§ Exercise: Print nothing but the lines below starting at the line that holds "by (induction xss) auto" and ending at the line that holds "1 + 1, 1).\<close>", including both, each exactly as written.

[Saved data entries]
(* Fix $T>0$, $x_0\in\mathbb R$, $L>0$, $L_1>0$, $q\ge1$, $H\in(\frac12,1)$ and an integer $k\ge1$. Let $G$ satisfy (A2) and (A3), and let $\varphi_\epsilon=\epsilon^{1/(k-H+2)}$. For each $\theta\in\Theta_{k+1}(L)$ and $\epsilon>0$ let $X$ solve the SDE below and let $\widehat{\theta}_tX_t$ be the kernel estimator below. Then for any $0<a\le b<T$, $$\limsup_{\epsilon\to0}\ \sup_{\theta\in\Theta_{k+1}(L)}\ \sup_{a\le t\le b}E_\theta\big[|\widehat{\theta}_tX_t-\theta(t)x_t|^2\big]\,\epsilon^{-\min\left(2,\frac{2(k+1)}{k+2-H}\right)}<\infty .$$
   Context: Hermite process: let $W=\{W(h),h\in L^2(\mathbb R)\}$ be a centered Gaussian family with $E[W(h)W(g)]=\langle h,g\rangle_{L^2(\mathbb R)}$; for an integer $q\ge1$ and $H\in(\frac12,1)$ set $H_0=1+\frac{H-1}{q}$, $c(q,H)=\sqrt{H(2H-1)/(q!\,\beta(H_0-\frac12,2-2H_0)^q)}$ and $Z^{q,H}_t=c(q,H)\int_{\mathbb R^q}\big(\int_0^t\prod_{j=1}^q(s-\psi_j)_+^{H_0-3/2}ds\big)dW_{\psi_1}\cdots dW_{\psi_q}$ (multiple Wiener–Itô integral; continuous version used). It is centered, $H$-self-similar, has stationary increments and covariance $\frac12(t^{2H}+s^{2H}-|t-s|^{2H})$. For deterministic $f$ with $\int\int|f(u)f(v)||u-v|^{2H-2}dudv<\infty$ the Wiener integral is $\int_{\mathbb R}f\,dZ^{q,H}=c(q,H)\int_{\mathbb R^q}\big(\int_{\mathbb R}f(u)\prod_{j=1}^q(u-\psi_j)_+^{H_0-3/2}du\big)dW_{\psi_1}\cdots dW_{\psi_q}$ (and $\int_0^T f\,dZ^{q,H}:=\int_{\mathbb R}f1_{[0,T]}dZ^{q,H}$); it has mean $0$ and $E[\int f dZ^{q,H}\int g dZ^{q,H}]=H(2H-1)\int\int f(u)g(v)|u-v|^{2H-2}dudv$. Model: for $\theta:[0,T]\to\mathbb R$ and $\epsilon>0$, $X$ is the pathwise solution of $X_t=x_0+\int_0^t\theta(s)X_sds+\epsilon Z^{q,H}_t$, $0\le t\le T$ (i.e. $dX_t=\theta(t)X_tdt+\epsilon dZ^{q,H}_t$), and $x_t=x_0\exp(\int_0^t\theta(s)ds)$; $E_\theta$ denotes expectation when $\theta$ is the true multiplier. Classes: for an integer $m\ge0$, $\Theta_m(L)$ is the set of functions $\theta$ with $|\theta(t)|\le L$ for all $t$ (condition (A1)), $m$ times differentiable, with $|\theta^{(m)}(x)-\theta^{(m)}(y)|\le L_1|x-y|$ for all $x,y$. Kernel: $G$ is a bounded measurable function with compact support $[A,B]$, $A<0<B$, satisfying (A2): $\int_A^BG(u)du=1$, and (A3): $\int_{-\infty}^{\infty}u^jG(u)du=0$ for $j=1,\dots,k$. Estimator: $\widehat{\theta}_tX_t:=\frac1{\varphi_\epsilon}\int_0^TG\big(\frac{\tau-t}{\varphi_\epsilon}\big)dX_\tau=\frac1{\varphi_\epsilon}\int_0^TG\big(\frac{\tau-t}{\varphi_\epsilon}\big)\theta(\tau)X_\tau d\tau+\frac{\epsilon}{\varphi_\epsilon}\int_0^TG\big(\frac{\tau-t}{\varphi_\epsilon}\big)dZ^{q,H}_\tau$. *)

theory Defs
  imports "HOL-Probability.Probability"
begin

definition Theta_class :: "real \<Rightarrow> nat \<Rightarrow> real \<Rightarrow> real \<Rightarrow> (real \<Rightarrow> real) set" where
  "Theta_class T m L L1 = {\<theta>. (\<forall>t\<in>{0..T}. \<bar>\<theta> t\<bar> \<le> L) \<and>
     (\<exists>D :: nat \<Rightarrow> real \<Rightarrow> real.
        (\<forall>t\<in>{0..T}. D 0 t = \<theta> t) \<and>
        (\<forall>j<m. \<forall>t\<in>{0..T}. (D j has_real_derivative D (Suc j) t) (at t within {0..T})) \<and>
        (\<forall>x\<in>{0..T}. \<forall>y\<in>{0..T}. \<bar>D m x - D m y\<bar> \<le> L1 * \<bar>x - y\<bar>))}"

definition kernel_ok :: "nat \<Rightarrow> (real \<Rightarrow> real) \<Rightarrow> bool" where
  "kernel_ok k G \<longleftrightarrow> G \<in> borel_measurable borel \<and> (\<exists>K. \<forall>u. \<bar>G u\<bar> \<le> K) \<and>
     (\<exists>A B. A < 0 \<and> 0 < B \<and> (\<forall>u. u \<notin> {A..B} \<longrightarrow> G u = 0) \<and>
        (LINT u|lborel. G u) = 1 \<and>
        (\<forall>j\<in>{1..k}. (LINT u|lborel. u ^ j * G u) = 0))"

definition wiener_admissible :: "real \<Rightarrow> (real \<Rightarrow> real) \<Rightarrow> bool" where
  "wiener_admissible H f \<longleftrightarrow> f \<in> borel_measurable borel \<and>
     (\<integral>\<^sup>+ p. ennreal (\<bar>f (fst p) * f (snd p)\<bar> * \<bar>fst p - snd p\<bar> powr (2*H - 2)) \<partial>(lborel \<Otimes>\<^sub>M lborel)) < \<infinity>"

text \<open>Properties of a (continuous version of a) Hermite process Z with Hurst index H on the
  probability space M, together with its Wiener integral operator WI (WI f = \<integral> f dZ),
  as listed in the context: centred, covariance (t^2H+s^2H-|t-s|^2H)/2, continuous paths,
  and WI f centred with covariance H(2H-1) \<integral>\<integral> f(u)g(v)|u-v|^(2H-2), linear, and
  WI(1_[0,t]) = Z_t.\<close>
definition hermite_setting ::
  "'a measure \<Rightarrow> real \<Rightarrow> (real \<Rightarrow> 'a \<Rightarrow> real) \<Rightarrow> ((real \<Rightarrow> real) \<Rightarrow> 'a \<Rightarrow> real) \<Rightarrow> bool" where
  "hermite_setting M H Z WI \<longleftrightarrow> prob_space M \<and>
     (\<forall>t\<ge>0. Z t \<in> borel_measurable M \<and> integrable M (\<lambda>\<omega>. (Z t \<omega>)\<^sup>2) \<and>
             (\<integral>\<omega>. Z t \<omega> \<partial>M) = 0) \<and>
     (\<forall>s\<ge>0. \<forall>t\<ge>0. (\<integral>\<omega>. Z s \<omega> * Z t \<omega> \<partial>M) =
             (t powr (2*H) + s powr (2*H) - \<bar>t - s\<bar> powr (2*H)) / 2) \<and>
     (\<forall>\<omega>\<in>space M. continuous_on {0..} (\<lambda>t. Z t \<omega>)) \<and>
     (\<forall>f. wiener_admissible H f \<longrightarrow>
         WI f \<in> borel_measurable M \<and> integrable M (\<lambda>\<omega>. (WI f \<omega>)\<^sup>2) \<and>
         (\<integral>\<omega>. WI f \<omega> \<partial>M) = 0) \<and>
     (\<forall>f g. wiener_admissible H f \<longrightarrow> wiener_admissible H g \<longrightarrow>
         (\<integral>\<omega>. WI f \<omega> * WI g \<omega> \<partial>M) =
           H * (2*H - 1) * (\<integral>p. f (fst p) * g (snd p) * \<bar>fst p - snd p\<bar> powr (2*H - 2)
                              \<partial>(lborel \<Otimes>\<^sub>M lborel))) \<and>
     (\<forall>f g a b. wiener_admissible H f \<longrightarrow> wiener_admissible H g \<longrightarrow>
         (AE \<omega> in M. WI (\<lambda>u. a * f u + b * g u) \<omega> = a * WI f \<omega> + b * WI g \<omega>)) \<and>
     (\<forall>t\<ge>0. AE \<omega> in M. WI (indicator {0..t}) \<omega> = Z t \<omega>)"
lemma core_ok_cong:
  assumes xs: "length xs = c" and Sp: "Sp \<subseteq> facts ar (set xs)" and agree: "agree_on ar (set xs) R R'"
  shows "core_ok R xs Sp \<longleftrightarrow> core_ok R' xs Sp"
proof -
  have "holds_at (apply_mod R (rels_of Sp)) xs x \<longleftrightarrow> holds_at (apply_mod R' (rels_of Sp)) xs x"
    if "x \<in> set xs" for x
    by (rule holds_at_cong[OF xs]) (use that agree agree_on_apply_mod in \<open>simp add: insert_absorb\<close>)
  moreover have "(\<forall>p\<in>Sp. allowed md R p) \<longleftrightarrow> (\<forall>p\<in>Sp. allowed md R' p)"
    by (rule allowed_cong[OF Sp agree])
  ultimately show ?thesis
    unfolding core_ok_def by simp
qed

lemma repairs_cong:
  assumes xs: "length xs = c" and agree: "agree_on ar (insert y (set xs)) R R'"
  shows "repairs R xs Sp y Sy \<longleftrightarrow> repairs R' xs Sp y Sy"
proof -
  have "(\<forall>p\<in>Sy. allowed md R p) \<longleftrightarrow> (\<forall>p\<in>Sy. allowed md R' p)" if "Sy \<subseteq> new_facts xs y"
    using that new_facts_subset by (intro allowed_cong[OF _ agree]) blast
  moreover have "holds_at (apply_mod R (rels_of (Sp \<union> Sy))) xs y \<longleftrightarrow>
      holds_at (apply_mod R' (rels_of (Sp \<union> Sy))) xs y"
    by (rule holds_at_cong[OF xs]) (use agree agree_on_apply_mod in simp)
  ultimately show ?thesis
    unfolding repairs_def by blast
qed

lemma repair_cong:
  assumes "length xs = c" and "agree_on ar (insert y (set xs)) R R'"
  shows "repairable R xs Sp y \<longleftrightarrow> repairable R' xs Sp y"
    and "repair_cost R xs Sp y = repair_cost R' xs Sp y"
proof -
  have "repairs R xs Sp y = repairs R' xs Sp y"
    using repairs_cong[OF assms] by blast
  then show "repairable R xs Sp y \<longleftrightarrow> repairable R' xs Sp y"
    and "repair_cost R xs Sp y = repair_cost R' xs Sp y"
    by (simp_all add: repairable_def repair_cost_def)
qed

end

section \<open>A threshold formula deciding the problem\<close>

lemma sum_list_map_concat: "sum_list (map f (concat xss)) = sum_list (map (\<lambda>xs. sum_list (map f xs)) xss)"
  by (induction xss) auto

lemma sum_binary_digits:
  "b \<le> length w \<Longrightarrow>
     sum_list (map (\<lambda>i. if input_bit w (b + i) then 2 ^ i else 0) [0..<length w - b]) = bits_val (drop b w)"
  unfolding bits_val_def sum_set_upt_conv_sum_list_nat[symmetric]
  by (simp add: atLeast0LessThan input_bit_def) (rule sum.cong; auto)
definition marked_ppp :: "real \<Rightarrow> (nat \<Rightarrow> nat \<times> (nat \<Rightarrow> (real \<times> real) \<times> real)) measure" where
  "marked_ppp mu = (\<Pi>\<^sub>M n\<in>(UNIV::nat set). annulus_ppp mu n)"

definition active_ppps :: "netw \<Rightarrow> real \<Rightarrow>
    (nat \<Rightarrow> nat \<Rightarrow> nat \<times> (nat \<Rightarrow> (real \<times> real) \<times> real)) measure" where
  "active_ppps N eps = (\<Pi>\<^sub>M j\<in>tiers N. marked_ppp (Aact N eps j * lam N j))"

definition excl_radius :: "netw \<Rightarrow> nat \<Rightarrow> nat \<Rightarrow> real \<Rightarrow> real" where
  "excl_radius N k j x = Omega2 N j k powr (1 / alpha N j) * x powr (alpha N k / alpha N j)"

definition interference :: "netw \<Rightarrow> nat \<Rightarrow> real \<Rightarrow>
    (nat \<Rightarrow> nat \<Rightarrow> nat \<times> (nat \<Rightarrow> (real \<times> real) \<times> real)) \<Rightarrow> ennreal" where
  "interference N k x \<omega> =
     (\<Sum>j\<in>tiers N. \<Sum>n. \<Sum>i<fst (\<omega> j n).
        (case snd (\<omega> j n) i of (y, v) \<Rightarrow>
           if excl_radius N k j x < norm y
           then ennreal (Pw N j * v * norm y powr (- alpha N j)) else 0))"

text \<open>Joint law of (X_k, |h|^2, interferer configuration): independent, with
  |h|^2 ~ Gamma(M_k,1) = Erlang(M_k - 1 + 1, 1).\<close>
definition outage_space :: "netw \<Rightarrow> real \<Rightarrow> nat \<Rightarrow>
    (real \<times> real \<times> (nat \<Rightarrow> nat \<Rightarrow> nat \<times> (nat \<Rightarrow> (real \<times> real) \<times> real))) measure" where
  "outage_space N eps k =
     density lborel (\<lambda>x. ennreal (serv_density N eps k x)) \<Otimes>\<^sub>M
     (density lborel (erlang_density (Mant N k - 1) 1) \<Otimes>\<^sub>M active_ppps N eps)"

text \<open>Outage probability O_k^int = P{ P_k |h|^2 X_k^(-alpha_k) / I_o < beta_k },
  written without division: P_k |h|^2 X_k^(-alpha_k) < beta_k I_o.\<close>
definition outage :: "netw \<Rightarrow> (nat \<Rightarrow> real) \<Rightarrow> real \<Rightarrow> nat \<Rightarrow> real" where
  "outage N beta eps k =
     measure (outage_space N eps k)
       {(x, g, \<omega>) \<in> space (outage_space N eps k).
          ennreal (Pw N k * g * x powr (- alpha N k)) < ennreal (beta k) * interference N k x \<omega>}"

definition EE :: "netw \<Rightarrow> (nat \<Rightarrow> real) \<Rightarrow> real \<Rightarrow> real \<Rightarrow> real \<Rightarrow> real \<Rightarrow> real" where
  "EE N beta eta PC PS eps =
     (\<Sum>k\<in>tiers N. lam N k * Aact N eps k * (1 - outage N beta eps k) * log 2 (1 + beta k)) /
     ((\<Sum>k\<in>tiers N. lam N k * Aact N eps k * (Pw N k / eta + real (Mant N k) * PC))
      + (\<Sum>k\<in>tiers N. lam N k * PS))"

end

theory Submission imports Defs "HOL-Real_Asymp.Real_Asymp" begin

§ Exercise answer:
  by (induction xss) auto

lemma sum_binary_digits:
  "b \<le> length w \<Longrightarrow>
     sum_list (map (\<lambda>i. if input_bit w (b + i) then 2 ^ i else 0) [0..<length w - b]) = bits_val (drop b w)"
  unfolding bits_val_def sum_set_upt_conv_sum_list_nat[symmetric]
  by (simp add: atLeast0LessThan input_bit_def) (rule sum.cong; auto)
definition marked_ppp :: "real \<Rightarrow> (nat \<Rightarrow> nat \<times> (nat \<Rightarrow> (real \<times> real) \<times> real)) measure" where
  "marked_ppp mu = (\<Pi>\<^sub>M n\<in>(UNIV::nat set). annulus_ppp mu n)"

definition active_ppps :: "netw \<Rightarrow> real \<Rightarrow>
    (nat \<Rightarrow> nat \<Rightarrow> nat \<times> (nat \<Rightarrow> (real \<times> real) \<times> real)) measure" where
  "active_ppps N eps = (\<Pi>\<^sub>M j\<in>tiers N. marked_ppp (Aact N eps j * lam N j))"

definition excl_radius :: "netw \<Rightarrow> nat \<Rightarrow> nat \<Rightarrow> real \<Rightarrow> real" where
  "excl_radius N k j x = Omega2 N j k powr (1 / alpha N j) * x powr (alpha N k / alpha N j)"

definition interference :: "netw \<Rightarrow> nat \<Rightarrow> real \<Rightarrow>
    (nat \<Rightarrow> nat \<Rightarrow> nat \<times> (nat \<Rightarrow> (real \<times> real) \<times> real)) \<Rightarrow> ennreal" where
  "interference N k x \<omega> =
     (\<Sum>j\<in>tiers N. \<Sum>n. \<Sum>i<fst (\<omega> j n).
        (case snd (\<omega> j n) i of (y, v) \<Rightarrow>
           if excl_radius N k j x < norm y
           then ennreal (Pw N j * v * norm y powr (- alpha N j)) else 0))"

text \<open>Joint law of (X_k, |h|^2, interferer configuration): independent, with
  |h|^2 ~ Gamma(M_k,1) = Erlang(M_k - 1 + 1, 1).\<close>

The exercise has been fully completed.